Newspaper article The Florida Times Union

Now It's Not That He Won't Win, but That He Wins Too Much; Jimmie Johnson Doesn't Really Mind ... Well, Maybe a Little Bit

Newspaper article The Florida Times Union

Now It's Not That He Won't Win, but That He Wins Too Much; Jimmie Johnson Doesn't Really Mind ... Well, Maybe a Little Bit

Article excerpt

Byline: Don Coble

Now that Jimmie Johnson has won a race this season the focus will revert back to concerns that he wins too much.

Seems like he just can't catch a break.

Fans and media spent the first 11 races reminding him that winning was the only surefire way to qualify for the Chase for the Championship. So when he didn't win any of the first 11 races - which actually matched his longest losing streak to start a season - a lot of people were sounding the alarm.

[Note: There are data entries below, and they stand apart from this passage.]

text \<open>The pointwise integrand of $(p-1)$ times the stability form at $u^{-\alpha}\psi^{q/2}$ plus
  $\mu$ times the weak formulation at $u^{-(2\alpha+1)}\psi^q$, in the variables $W = w$, $V = g$,
  $U = u$, $s = \psi$, $G = |\nabla u|$, $P = |\nabla\psi|$, $e = \nabla u\cdot\nabla\psi$.\<close>
definition density :: "real \<Rightarrow> real \<Rightarrow> real \<Rightarrow> real \<Rightarrow> real \<Rightarrow> real \<Rightarrow> real \<Rightarrow> real" where
  "density W V U s G P e =
     W * (U powr (-2 * \<alpha> - 2) * s powr q) * (npow G (p - 2)
       * (q * (\<mu> - (p - 1) * \<alpha>) * (U / s * e) + (p - 1) * (q / 2)\<^sup>2 * (U / s * P)\<^sup>2 - \<kappa> / 2 * G\<^sup>2))
     - \<kappa> / (2 * \<alpha> + 1) * (V * (s / U) powr q)"

lemma combination_eq_density:
  fixes Du D\<psi> :: "'a::real_inner"
  assumes U: "0 < U" and s: "0 \<le> s"
  shows "(p - 1) * (W * npow (norm Du) (p - 2) * (norm ((-\<alpha> * U powr (-\<alpha> - 1) * s powr (q / 2)) *\<^sub>R Du
              + (U powr (-\<alpha>) * ((q / 2) * s powr (q / 2 - 1))) *\<^sub>R D\<psi>))\<^sup>2)
      - V * fnl' \<delta> \<delta> U * (U powr (-\<alpha>) * s powr (q / 2))\<^sup>2
      + \<mu> * (W * npow (norm Du) (p - 2) * (Du \<bullet> ((-(2 * \<alpha> + 1) * U powr (-(2 * \<alpha> + 1) - 1) * s powr q) *\<^sub>R Du
              + (U powr (-(2 * \<alpha> + 1)) * (q * s powr (q - 1))) *\<^sub>R D\<psi>))
            - V * fnl \<delta> \<delta> U * (U powr (-(2 * \<alpha> + 1)) * s powr q))
    = density W V U s (norm Du) (norm D\<psi>) (Du \<bullet> D\<psi>)"
proof (cases "s = 0")
  case True
  then show ?thesis
    by (simp add: density_def)
next
  case False
  then have s: "0 < s"
    using s by simp
  define Z where "Z = U powr (-2 * \<alpha> - 2) * s powr q"
  define T where "T = U / s"
  define N where "N = npow (norm Du) (p - 2)"
  note coefficients = test_function_coefficients[OF U s, folded Z_def T_def]
  have "(p - 1) * (W * N * (norm ((-\<alpha> * U powr (-\<alpha> - 1) * s powr (q / 2)) *\<^sub>R Du
              + (U powr (-\<alpha>) * ((q / 2) * s powr (q / 2 - 1))) *\<^sub>R D\<psi>))\<^sup>2)
      - V * fnl' \<delta> \<delta> U * (U powr (-\<alpha>) * s powr (q / 2))\<^sup>2
      + \<mu> * (W * N * (Du \<bullet> ((-(2 * \<alpha> + 1) * U powr (-(2 * \<alpha> + 1) - 1) * s powr q) *\<^sub>R Du
              + (U powr (-(2 * \<alpha> + 1)) * (q * s powr (q - 1))) *\<^sub>R D\<psi>))
            - V * fnl \<delta> \<delta> U * (U powr (-(2 * \<alpha> + 1)) * s powr q))
    = W * Z * (N * (((p - 1) * \<alpha>\<^sup>2 - \<mu> * (2 * \<alpha> + 1)) * (norm Du)\<^sup>2
        + q * (\<mu> - (p - 1) * \<alpha>) * (T * (Du \<bullet> D\<psi>)) + (p - 1) * (q / 2)\<^sup>2 * (T * norm D\<psi>)\<^sup>2))
      + (2 * \<mu> - 2 * \<delta>) * (V * (s / U) powr q)"
    unfolding norm_scaleR_add_square inner_scaleR_add_right coefficients
    by (simp add: algebra_simps power2_eq_square)
  also have "\<dots> = density W V U s (norm Du) (norm D\<psi>) (Du \<bullet> D\<psi>)"
    unfolding density_def \<mu>_coefficients Z_def T_def N_def by (simp add: algebra_simps)
  finally show ?thesis
    unfolding N_def .
qed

"There are more people fretting about things than myself," he said. "Give me a break."

Johnson is the object of his own success. When he wins, he wins too much. When he goes more than three months without winning, everyone wonders what's wrong.

Maybe the wind really does blow hardest at the top of the mountain.

"I guess we've created this environment for ourselves," he said after leading 165 laps, including the final nine, last Sunday to win the Coca-Cola 600 at the Charlotte Motor Speedway. "I honestly wasn't stressing. The fact that [it took] 12 races created that much buzz just means we've done a lot of great things over the years, so I'll turn it into a compliment.

"We hold ourselves to a high standard. I think we're onto some good things and have a good direction to go with our race cars."

NASCAR changed the qualifying process for the playoffs by expanding the field to 16 drivers. Race winners get in first, followed by the highest-ranking non-winners in the standings.

The victory means Johnson is in shape to win the Sprint Cup Series title for a record-tying seventh time.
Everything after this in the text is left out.